Counsel submitted in any event the police report would have been admissible pursuant to s 3 Evidence Amendment Act 1980.

[17] There was nothing to prevent cross-examination of the complainant and her mother about the complainant’s “disturbed” background except for the s 23A prohibition of cross-examination of previous sexual experience. Counsel for the appellant did extensively cross-examine the complainant and her mother about the complainant’s background, her propensity to lie, her disturbed behaviour and the symptoms of foetal alcohol syndrome she suffered from.

[18] Counsel for the appellant was also permitted to ask, perhaps generously given the complainant had before the trial confirmed the allegation was true, the complainant about her allegation of sexual assault by CW. The complainant was also questioned about sexual references in her diary. And so extensive evidence relevant to the complainant’s credibility and reliability was before the jury.

[19] As to the police report it was both hearsay and, in part, opinion evidence and so would have been inadmissible.
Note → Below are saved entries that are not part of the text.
lemma subordinated_bachelier_minus_bs_bounds:
  assumes T: "0 \<le> T" and \<sigma>: "0 \<le> \<sigma>" and Z0: "0 \<le> Z0"
  defines "S \<equiv> inverse_subordinator U T"
  shows "0 \<le> (\<integral>\<omega>. bachelier_atm (\<sigma> * Z0) (S \<omega>) \<partial>M) - (\<integral>\<omega>. bs_atm Z0 \<sigma> (S \<omega>) \<partial>M)"
    and "(\<integral>\<omega>. bachelier_atm (\<sigma> * Z0) (S \<omega>) \<partial>M) - (\<integral>\<omega>. bs_atm Z0 \<sigma> (S \<omega>) \<partial>M)
      \<le> Z0 * \<sigma>^3 / (24 * sqrt (2*pi)) * (T powr (3/2 * \<alpha>) * (Gamma (5/2) / Gamma (3/2 * \<alpha> + 1)))"
proof -
  let ?Ba = "\<lambda>\<omega>. bachelier_atm (\<sigma> * Z0) (S \<omega>)"
  let ?Bs = "\<lambda>\<omega>. bs_atm Z0 \<sigma> (S \<omega>)"
  let ?c = "Z0 * \<sigma>^3 / (24 * sqrt (2*pi))"
  let ?m = "\<lambda>\<omega>. max 0 (S \<omega>) powr (3/2)"
  have diff_bounds: "AE \<omega> in M. 0 \<le> ?Ba \<omega> - ?Bs \<omega> \<and> ?Ba \<omega> - ?Bs \<omega> \<le> ?c * ?m \<omega>"
    unfolding S_def using \<sigma> Z0 by (rule AE_bachelier_atm_minus_bs_atm_inverse_subordinator)
  have int_Ba: "integrable M ?Ba"
    unfolding S_def using T by (rule integrable_bachelier_atm_inverse_subordinator)
  have int_m: "integrable M ?m"
    using integrable_inverse_subordinator_powr(1)[of "3/2" T] T by (simp add: S_def)
  have int_diff: "integrable M (\<lambda>\<omega>. ?Ba \<omega> - ?Bs \<omega>)"
  proof (rule Bochner_Integration.integrable_bound)
    show "integrable M (\<lambda>\<omega>. ?c * ?m \<omega>)"
      using int_m by simp
    show "AE \<omega> in M. norm (?Ba \<omega> - ?Bs \<omega>) \<le> norm (?c * ?m \<omega>)"
      using diff_bounds by eventually_elim (use \<sigma> Z0 in auto)
  qed (simp add: S_def bachelier_atm_def bs_atm_def)
  then have diff_eq: "(\<integral>\<omega>. ?Ba \<omega> \<partial>M) - (\<integral>\<omega>. ?Bs \<omega> \<partial>M) = (\<integral>\<omega>. ?Ba \<omega> - ?Bs \<omega> \<partial>M)"
    using int_Ba Bochner_Integration.integrable_diff[OF int_Ba int_diff] by simp
  show "0 \<le> (\<integral>\<omega>. ?Ba \<omega> \<partial>M) - (\<integral>\<omega>. ?Bs \<omega> \<partial>M)"
    unfolding diff_eq using diff_bounds by (intro integral_nonneg_AE) (auto elim: eventually_mono)
  have "(\<integral>\<omega>. ?Ba \<omega> - ?Bs \<omega> \<partial>M) \<le> (\<integral>\<omega>. ?c * ?m \<omega> \<partial>M)"
    using diff_bounds int_diff int_m by (intro integral_mono_AE) (auto elim: eventually_mono)
  also have "\<dots> = ?c * expectation ?m"
    by simp
  also have "\<dots> \<le> ?c * (T powr (3/2 * \<alpha>) * (Gamma (5/2) / Gamma (3/2 * \<alpha> + 1)))"
    using integrable_inverse_subordinator_powr(2)[of "3/2" T] T \<sigma> Z0
    by (intro mult_left_mono) (simp_all add: S_def)
  finally show "(\<integral>\<omega>. ?Ba \<omega> \<partial>M) - (\<integral>\<omega>. ?Bs \<omega> \<partial>M)
      \<le> ?c * (T powr (3/2 * \<alpha>) * (Gamma (5/2) / Gamma (3/2 * \<alpha> + 1)))"
    unfolding diff_eq .
qed

end

theorem mainTheorem3:
  fixes M :: "'a measure" and U :: "real \<Rightarrow> 'a \<Rightarrow> real"
    and \<alpha> Z0 K r \<sigma> \<sigma>Ba T :: real
  assumes "0 < \<alpha>" and "\<alpha> < 1"
    and "stable_subordinator M \<alpha> U"
    and "K = Z0" and "0 < Z0" and "r = 0" and "0 < \<sigma>" and "\<sigma>Ba = \<sigma> * Z0" and "0 < T"
  defines "S \<equiv> inverse_subordinator U"
  shows "0 \<le> (\<integral>\<omega>. bachelier_atm \<sigma>Ba (S T \<omega>) \<partial>M) - (\<integral>\<omega>. bs_atm Z0 \<sigma> (S T \<omega>) \<partial>M)
    \<and> (\<integral>\<omega>. bachelier_atm \<sigma>Ba (S T \<omega>) \<partial>M) - (\<integral>\<omega>. bs_atm Z0 \<sigma> (S T \<omega>) \<partial>M)
        \<le> T powr (3/2 * \<alpha>) * Gamma (5/2) / Gamma (3/2 * \<alpha> + 1)
           * (Z0 / (12 * sqrt (2 * pi))) * \<sigma> ^ 3"
proof -
  interpret alpha_stable_subordinator M \<alpha> U
    using assms by unfold_locales
  let ?D = "(\<integral>\<omega>. bachelier_atm (\<sigma> * Z0) (S T \<omega>) \<partial>M) - (\<integral>\<omega>. bs_atm Z0 \<sigma> (S T \<omega>) \<partial>M)"
  let ?B = "T powr (3/2 * \<alpha>) * (Gamma (5/2) / Gamma (3/2 * \<alpha> + 1))"
  have "0 \<le> ?D" and "?D \<le> Z0 * \<sigma>^3 / (24 * sqrt (2*pi)) * ?B"
    using subordinated_bachelier_minus_bs_bounds[of T \<sigma> Z0] assms by (simp_all add: S_def)
  moreover have "Z0 * \<sigma>^3 / (24 * sqrt (2*pi)) * ?B \<le> Z0 * \<sigma>^3 / (12 * sqrt (2*pi)) * ?B"
    using assms by (intro mult_right_mono divide_left_mono) (auto intro!: Gamma_real_pos)
  ultimately show ?thesis
    by (simp add: assms(8) field_simps)
qed

end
However, other than the suggestion by the complainant’s mother that ED had been sexually abused as an under six year old in Russia, all of the “difficulties” mentioned by the constable in the report were able to be raised by trial counsel. There could have been no basis upon which to allow the cross-examination of ED pursuant to s 23A regarding her mother’s suggestion that ED had been sexually assaulted in Russia some years earlier. There was no evidence ED had any recollection of the assault and in any event it had no relevance at all to any issue at trial.

[20] The appellant was therefore able to cross-examine witnesses at the trial on all relevant issues raised in the police report.

[21] It may have been preferable for counsel to have clearly identified before cross-examination of the complainant, her mother and the detective the precise extent of permissible questions relating to both the CW complaint and the police report. This would have avoided an interrupted cross-examination and given counsel for the appellant an opportunity for a more coherent cross-examination. However,

all admissible issues challenging the complainant’s credibility were put before the jury.

[22] Counsel for the appellant in written submissions suggested that the police report could have been a business record and thereby fully admissible in evidence. This argument was not pursued before us in oral submissions. In any event, there is no evidence of unavailability of the constable who wrote the report or any suggestion that she could not remember the content of the report (see s 3(1)(a) and (b) Evidence Amendment Act 1980). On the contrary, Detective Attwood gave evidence he spoke with the constable who had written the report and who clearly recalled the case.

[23] We are satisfied that the appellant had ample opportunity to explore all of the legitimate issues raised in the police report which might have affected the complainant’s credibility. All were before the jury and no doubt were factors they took into account in assessing the complainant’s credibility.

[24] No miscarriage of justice has been established. While the extension of time to appeal is granted, the appeal will be dismissed.